[What is required]
Look through the records below for the line holding "then show ?thesis using". Write it out exactly, with each following line through the line holding "unfolding R_def by (rule".

Start of Data provided

(* Let $V$ be a finite-dimensional scalar product space and $T$ a self-adjoint operator on $V$. Fix an eigenvalue $\lambda$ of $T$ and let $U=(T-\lambda I)|_{K_\lambda}$. If $k\ge 0$ is an integer with $U^k\neq 0$, then there exists $x\in K_\lambda$ such that $\langle U^k x,x\rangle\neq 0$.
   Context: A scalar product is a non-degenerate symmetric bilinear form $\langle\cdot,\cdot\rangle$ over $\mathbb{R}$ or $\mathbb{C}$ (bilinear, not Hermitian, in the complex case). $T$ is self-adjoint if $\langle Tx,y\rangle=\langle x,Ty\rangle$ for all $x,y$. If $V$ is real, eigenvalues (possibly non-real) and generalized eigenspaces are taken in the complexification $V^{\mathbb{C}}$ with the complex-bilinear extension of the scalar product and of $T$. The generalized eigenspace is $K_\lambda=\{x:(T-\lambda I)^m x=0\text{ for some positive integer }m\}$. *)

theory Defs
  imports "HOL-Analysis.Analysis"
begin

text \<open>A finite-dimensional complex vector space is modelled as complex^'n.
  A scalar product is a non-degenerate symmetric (complex-)bilinear form.\<close>

definition scalar_product :: "(complex^'n \<Rightarrow> complex^'n \<Rightarrow> complex) \<Rightarrow> bool" where
  "scalar_product B \<longleftrightarrow>
     (\<forall>x y z. B (x + y) z = B x z + B y z) \<and>
     (\<forall>c x y. B (c *s x) y = c * B x y) \<and>
     (\<forall>x y. B x y = B y x) \<and>
     (\<forall>x. (\<forall>y. B x y = 0) \<longrightarrow> x = 0)"

definition self_adjoint :: "(complex^'n \<Rightarrow> complex^'n \<Rightarrow> complex) \<Rightarrow> complex^'n^'n \<Rightarrow> bool" where
  "self_adjoint B T \<longleftrightarrow> (\<forall>x y. B (T *v x) y = B x (T *v y))"

definition is_eigenvalue :: "complex^'n^'n \<Rightarrow> complex \<Rightarrow> bool" where
  "is_eigenvalue T l \<longleftrightarrow> (\<exists>x. x \<noteq> 0 \<and> T *v x = l *s x)"

definition shifted :: "complex^'n^'n \<Rightarrow> complex \<Rightarrow> complex^'n \<Rightarrow> complex^'n" where
  "shifted T l = (\<lambda>x. T *v x - l *s x)"

definition gen_eigenspace :: "complex^'n^'n \<Rightarrow> complex \<Rightarrow> (complex^'n) set" where
  "gen_eigenspace T l = {x. \<exists>m::nat. m > 0 \<and> (shifted T l ^^ m) x = 0}"

end

theory Submission
  imports Defs
begin

text \<open>Let \<open>S = T - \<lambda>I\<close>. By Fitting's lemma there is an \<open>N\<close> with \<open>K\<^sub>\<lambda> = ker S\<^sup>N\<close> and
  \<open>V = ker S\<^sup>N + range S\<^sup>N\<close>. If \<open>\<langle>S\<^sup>k x, x\<rangle>\<close> vanished on \<open>K\<^sub>\<lambda>\<close>, polarisation (using that
  \<open>S\<^sup>k\<close> is self-adjoint) would make \<open>S\<^sup>k y\<close> orthogonal to \<open>K\<^sub>\<lambda>\<close> for every \<open>y \<in> K\<^sub>\<lambda>\<close>;
  moreover \<open>\<langle>S\<^sup>k y, S\<^sup>N v\<rangle> = \<langle>S\<^sup>N S\<^sup>k y, v\<rangle> = 0\<close>. So \<open>S\<^sup>k y\<close> is orthogonal to all of \<open>V\<close>,
  and non-degeneracy gives \<open>S\<^sup>k y = 0\<close> on \<open>K\<^sub>\<lambda>\<close>.\<close>
context finite_dimensional_vector_space begin

lemma linear_funpow:
  assumes "Vector_Spaces.linear scale scale f"
  shows "Vector_Spaces.linear scale scale (f ^^ n)"
  by (induction n) (simp_all only: funpow.simps linear_id Vector_Spaces.linear_compose[OF _ assms])

lemma funpow_kernels_stabilise:
  assumes f: "Vector_Spaces.linear scale scale f"
  obtains N where "\<And>m x. (f ^^ m) x = 0 \<Longrightarrow> (f ^^ N) x = 0"
proof -
  interpret finite_dimensional_vector_space_pair scale Basis scale Basis by unfold_locales
  define ker where "ker j = {x. (f ^^ j) x = 0}" for j
  have subspace_ker: "subspace (ker j)" for j
    unfolding ker_def by (rule linear_subspace_kernel[OF linear_funpow[OF f]])
  have ker_mono: "ker i \<subseteq> ker j" if "i \<le> j" for i j
  proof
    fix x assume "x \<in> ker i"
    have "(f ^^ j) x = (f ^^ (j - i)) ((f ^^ i) x)"
      using that by (metis funpow_add le_add_diff_inverse2 comp_apply)
    then show "x \<in> ker j"
      using \<open>x \<in> ker i\<close> linear_0[OF linear_funpow[OF f]] unfolding ker_def by simp
  qed
  have "finite (range (\<lambda>j. dim (ker j)))"
    by (rule finite_subset[of _ "{..dimension}"]) (auto simp: dim_subset_UNIV)
  then obtain N where N: "\<And>j. dim (ker j) \<le> dim (ker N)"
    by (metis (mono_tags, lifting) Max_ge Max_in empty_not_UNIV image_iff image_is_empty rangeI)
  have "ker m \<subseteq> ker N" for m
  proof -
    have "ker (max m N) = ker N"
      using subspace_dim_equal[OF subspace_ker subspace_ker ker_mono] N by (metis max.cobounded2)
    then show ?thesis using ker_mono[of m "max m N"] by simp
  qed
  then show thesis using that unfolding ker_def by blast
qed

lemma kernel_plus_range:
  assumes g: "Vector_Spaces.linear scale scale g" and ker2: "\<And>x. g (g x) = 0 \<Longrightarrow> g x = 0"
  obtains a v where "g a = 0" and "w = a + g v"
proof -
  interpret finite_dimensional_vector_space_pair scale Basis scale Basis by unfold_locales
  define R where "R = range g"
  have subspace_R: "subspace R"
    unfolding R_def by (rule linear_subspace_image[OF g subspace_UNIV])
  have "inj_on g R"
  proof (rule inj_onI)
    fix u u' assume u: "u \<in> R" "u' \<in> R" "g u = g u'"
    obtain v where v: "u - u' = g v"
      using subspace_diff[OF subspace_R u(1,2)] unfolding R_def by auto
    have "g (g v) = 0" using u(3) v linear_diff[OF g] by (metis right_minus_eq)
    then show "u = u'" using ker2 v by (metis right_minus_eq)
  qed
  then have "dim (g ` R) = dim R"
    using dim_image_eq[OF g] span_eq_iff subspace_R by metis
  then have image_R: "g ` R = R"
    using subspace_dim_equal[OF linear_subspace_image[OF g subspace_R] subspace_R]
    unfolding R_def by auto
  obtain v where v: "g w = g (g v)"
    using image_R unfolding R_def by (metis imageE rangeI)
  show thesis
  proof
    show "g (w - g v) = 0" using v linear_diff[OF g] by simp
  qed simp
qed

end

lemma linear_shifted: "Vector_Spaces.linear (*s) (*s) (shifted T l)"
  unfolding Vector_Spaces.linear_iff shifted_def
  by (simp add: vec.vector_space_axioms matrix_vector_right_distrib vector_ssub_ldistrib
      vec.scale algebra_simps)

lemma scalar_product_add_right:
  assumes "scalar_product B"
  shows "B z (x + y) = B z x + B z y"
  using assms unfolding scalar_product_def by metis

lemma scalar_product_zero_left:
  assumes "scalar_product B"
  shows "B 0 x = 0"
  using assms unfolding scalar_product_def by (metis add_0 add_cancel_right_right)

lemma scalar_product_self_adjoint_shifted:
  assumes "scalar_product B" and "self_adjoint B T"
  shows "B (shifted T l x) y = B x (shifted T l y)"
proof -
  have diff_left: "B (u - v) w = B u w - B v w" for u v w
    using assms(1) unfolding scalar_product_def by (metis add_diff_cancel eq_diff_eq)
  have diff_right: "B w (u - v) = B w u - B w v" for u v w
    using diff_left assms(1) unfolding scalar_product_def by metis
  have scale_right: "B w (c *s u) = c * B w u" for c u w
    using assms(1) unfolding scalar_product_def by metis
  show ?thesis
    using assms unfolding scalar_product_def self_adjoint_def shifted_def
    by (simp add: diff_left diff_right scale_right)
qed

lemma adjoint_funpow:
  assumes "\<And>x y. B (S x) y = B x (S y)"
  shows "B ((S ^^ j) x) y = B x ((S ^^ j) y)"
proof (induction j arbitrary: x y)
  case (Suc j)
  have "B ((S ^^ Suc j) x) y = B ((S ^^ j) (S x)) y" by (simp add: funpow_swap1)
  also have "\<dots> = B (S x) ((S ^^ j) y)" using Suc by simp
  finally show ?case using assms by simp
qed simp

lemma scalar_product_polarisation:
  assumes B: "scalar_product B" and A: "\<And>x y. B (A x) y = B x (A y)"
    and A_add: "A (y + u) = A y + A u"
    and "B (A y) y = 0" and "B (A u) u = 0" and "B (A (y + u)) (y + u) = 0"
  shows "B (A y) u = 0"
proof -
  have "B (A (y + u)) (y + u) = B (A y) y + B (A y) u + B (A u) y + B (A u) u"
    using B unfolding A_add scalar_product_def by (simp add: scalar_product_add_right[OF B])
  also have "B (A u) y = B (A y) u" using A B unfolding scalar_product_def by metis
  finally have "2 * B (A y) u = 0" using assms(4-6) by simp
  then show ?thesis by simp
qed

lemma funpow_zero_if_quadratic_form_vanishes:
  assumes B: "scalar_product B" and adjoint: "\<And>x y. B (S x) y = B x (S y)"
    and S: "Vector_Spaces.linear (*s) (*s) S"
    and decomp: "\<And>w. \<exists>a v. (S ^^ N) a = 0 \<and> w = a + (S ^^ N) v"
    and vanish: "\<And>x. (S ^^ N) x = 0 \<Longrightarrow> B ((S ^^ k) x) x = 0"
    and y: "(S ^^ N) y = 0"
  shows "(S ^^ k) y = 0"
proof -
  have linear_power: "Vector_Spaces.linear (*s) (*s) (S ^^ j)" for j
    by (rule vec.linear_funpow[OF S])
  have adjoint_power: "B ((S ^^ j) x) z = B x ((S ^^ j) z)" for j x z
    by (rule adjoint_funpow[of B S, OF adjoint])
  have orth_kernel: "B ((S ^^ k) y) a = 0" if "(S ^^ N) a = 0" for a
  proof (rule scalar_product_polarisation[where A = "S ^^ k", OF B adjoint_power])
    show "(S ^^ k) (y + a) = (S ^^ k) y + (S ^^ k) a"
      by (rule vec.linear_add[OF linear_power])
    have "(S ^^ N) (y + a) = 0"
      using y that vec.linear_add[OF linear_power] by simp
    then show "B ((S ^^ k) (y + a)) (y + a) = 0" by (rule vanish)
    show "B ((S ^^ k) y) y = 0" by (rule vanish[OF y])
    show "B ((S ^^ k) a) a = 0" by (rule vanish[OF that])
  qed
  have orth_range: "B ((S ^^ k) y) ((S ^^ N) v) = 0" for v
  proof -
    have "B ((S ^^ k) y) ((S ^^ N) v) = B ((S ^^ N) ((S ^^ k) y)) v"
      by (rule adjoint_power[symmetric])
    also have "(S ^^ N) ((S ^^ k) y) = (S ^^ k) ((S ^^ N) y)"
      by (metis add.commute comp_apply funpow_add)
    also have "\<dots> = 0"
      using y vec.linear_0[OF linear_power] by simp
    finally show ?thesis
      by (simp add: scalar_product_zero_left[OF B])
  qed
  have "B ((S ^^ k) y) w = 0" for w
  proof -
    obtain a v where "(S ^^ N) a = 0" and "w = a + (S ^^ N) v"
      using decomp by blast
    then show ?thesis
      by (simp add: scalar_product_add_right[OF B] orth_kernel orth_range)
  qed
  then show ?thesis
    using B unfolding scalar_product_def by blast
qed

lemma gen_eigenspace_fitting:
  obtains N where "gen_eigenspace T l = {x. (shifted T l ^^ N) x = 0}"
    and "\<And>w. \<exists>a v. (shifted T l ^^ N) a = 0 \<and> w = a + (shifted T l ^^ N) v"
proof -
  obtain N where N: "\<And>m x. (shifted T l ^^ m) x = 0 \<Longrightarrow> (shifted T l ^^ N) x = 0"
    using vec.funpow_kernels_stabilise[OF linear_shifted] by blast
  have "gen_eigenspace T l = {x. (shifted T l ^^ N) x = 0}"
  proof (intro equalityI subsetI)
    fix x assume "x \<in> {x. (shifted T l ^^ N) x = 0}"
    then have "(shifted T l ^^ Suc N) x = 0"
      using vec.linear_0[OF linear_shifted] by simp
    then show "x \<in> gen_eigenspace T l" unfolding gen_eigenspace_def by blast
  qed (use N in \<open>auto simp: gen_eigenspace_def\<close>)
  moreover have "\<exists>a v. (shifted T l ^^ N) a = 0 \<and> w = a + (shifted T l ^^ N) v" for w
    using vec.kernel_plus_range[OF vec.linear_funpow[OF linear_shifted], of N]
    by (metis N comp_apply funpow_add)
  ultimately show thesis using that by blast
qed

theorem mainTheorem4:
  fixes B :: "complex^'n \<Rightarrow> complex^'n \<Rightarrow> complex"
    and T :: "complex^'n^'n" and l :: complex and k :: nat
  assumes "scalar_product B"
    and "self_adjoint B T"
    and "is_eigenvalue T l"
    and "\<exists>y \<in> gen_eigenspace T l. (shifted T l ^^ k) y \<noteq> 0"
  shows "\<exists>x \<in> gen_eigenspace T l. B ((shifted T l ^^ k) x) x \<noteq> 0"
proof (rule ccontr)
  assume no_witness: "\<not> ?thesis"
  obtain N where K: "gen_eigenspace T l = {x. (shifted T l ^^ N) x = 0}"
    and decomp: "\<And>w. \<exists>a v. (shifted T l ^^ N) a = 0 \<and> w = a + (shifted T l ^^ N) v"
    using gen_eigenspace_fitting[of T l] by blast
  obtain y where y: "(shifted T l ^^ N) y = 0" "(shifted T l ^^ k) y \<noteq> 0"
    using assms(4) K by auto
  have "(shifted T l ^^ k) y = 0"
  proof (rule funpow_zero_if_quadratic_form_vanishes[OF assms(1) _ linear_shifted decomp _ y(1)])
    show "B (shifted T l x) z = B x (shifted T l z)" for x z
      by (rule scalar_product_self_adjoint_shifted[OF assms(1,2)])
    show "B ((shifted T l ^^ k) x) x = 0" if "(shifted T l ^^ N) x = 0" for x
      using no_witness that K by auto
  qed
  with y(2) show False by simp
qed

end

End of Data provided

[Answer for this exercise]
    then show ?thesis using ker_mono[of m "max m N"] by simp
  qed
  then show thesis using that unfolding ker_def by blast
qed

lemma kernel_plus_range:
  assumes g: "Vector_Spaces.linear scale scale g" and ker2: "\<And>x. g (g x) = 0 \<Longrightarrow> g x = 0"
  obtains a v where "g a = 0" and "w = a + g v"
proof -
  interpret finite_dimensional_vector_space_pair scale Basis scale Basis by unfold_locales
  define R where "R = range g"
  have subspace_R: "subspace R"
    unfolding R_def by (rule linear_subspace_image[OF g subspace_UNIV])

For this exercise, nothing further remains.